● Data in this exercise:
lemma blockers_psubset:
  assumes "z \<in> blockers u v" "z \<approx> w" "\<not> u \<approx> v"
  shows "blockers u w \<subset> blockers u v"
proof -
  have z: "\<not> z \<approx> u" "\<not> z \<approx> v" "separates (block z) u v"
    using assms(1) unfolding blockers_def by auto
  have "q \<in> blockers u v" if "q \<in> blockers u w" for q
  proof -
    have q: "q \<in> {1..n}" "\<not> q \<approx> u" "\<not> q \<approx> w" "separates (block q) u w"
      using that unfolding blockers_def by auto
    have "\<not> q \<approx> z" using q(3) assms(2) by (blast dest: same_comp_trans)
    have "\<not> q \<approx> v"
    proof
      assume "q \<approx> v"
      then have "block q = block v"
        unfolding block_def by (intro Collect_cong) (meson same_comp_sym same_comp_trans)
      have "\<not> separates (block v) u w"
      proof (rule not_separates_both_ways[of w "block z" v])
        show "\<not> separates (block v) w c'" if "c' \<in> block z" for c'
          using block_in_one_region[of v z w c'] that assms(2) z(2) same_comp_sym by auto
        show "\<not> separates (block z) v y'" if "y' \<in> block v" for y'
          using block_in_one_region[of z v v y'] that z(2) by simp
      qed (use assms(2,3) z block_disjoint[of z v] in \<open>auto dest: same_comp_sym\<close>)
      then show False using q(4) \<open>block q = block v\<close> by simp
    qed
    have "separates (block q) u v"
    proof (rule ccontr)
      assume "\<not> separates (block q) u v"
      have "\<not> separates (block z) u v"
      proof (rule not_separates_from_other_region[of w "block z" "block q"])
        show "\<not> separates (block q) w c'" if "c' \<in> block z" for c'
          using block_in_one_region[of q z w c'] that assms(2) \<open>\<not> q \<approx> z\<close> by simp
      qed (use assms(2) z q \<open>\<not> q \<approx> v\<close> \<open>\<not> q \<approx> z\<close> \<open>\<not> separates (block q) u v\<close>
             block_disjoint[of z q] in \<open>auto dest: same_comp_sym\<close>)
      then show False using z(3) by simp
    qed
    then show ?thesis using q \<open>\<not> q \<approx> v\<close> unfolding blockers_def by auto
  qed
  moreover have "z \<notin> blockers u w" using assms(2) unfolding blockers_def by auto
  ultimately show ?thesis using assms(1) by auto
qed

● What is required: Find the line with "u w \<subset>" in the entries above. Retype it and each line after it, exactly, through the line with "qed (use assms(2,3)", and stop there.

● Written solution:
  shows "blockers u w \<subset> blockers u v"
proof -
  have z: "\<not> z \<approx> u" "\<not> z \<approx> v" "separates (block z) u v"
    using assms(1) unfolding blockers_def by auto
  have "q \<in> blockers u v" if "q \<in> blockers u w" for q
  proof -
    have q: "q \<in> {1..n}" "\<not> q \<approx> u" "\<not> q \<approx> w" "separates (block q) u w"
      using that unfolding blockers_def by auto
    have "\<not> q \<approx> z" using q(3) assms(2) by (blast dest: same_comp_trans)
    have "\<not> q \<approx> v"
    proof
      assume "q \<approx> v"
      then have "block q = block v"
        unfolding block_def by (intro Collect_cong) (meson same_comp_sym same_comp_trans)
      have "\<not> separates (block v) u w"
      proof (rule not_separates_both_ways[of w "block z" v])
        show "\<not> separates (block v) w c'" if "c' \<in> block z" for c'
          using block_in_one_region[of v z w c'] that assms(2) z(2) same_comp_sym by auto
        show "\<not> separates (block z) v y'" if "y' \<in> block v" for y'
          using block_in_one_region[of z v v y'] that z(2) by simp
      qed (use assms(2,3) z block_disjoint[of z v] in \<open>auto dest: same_comp_sym\<close>)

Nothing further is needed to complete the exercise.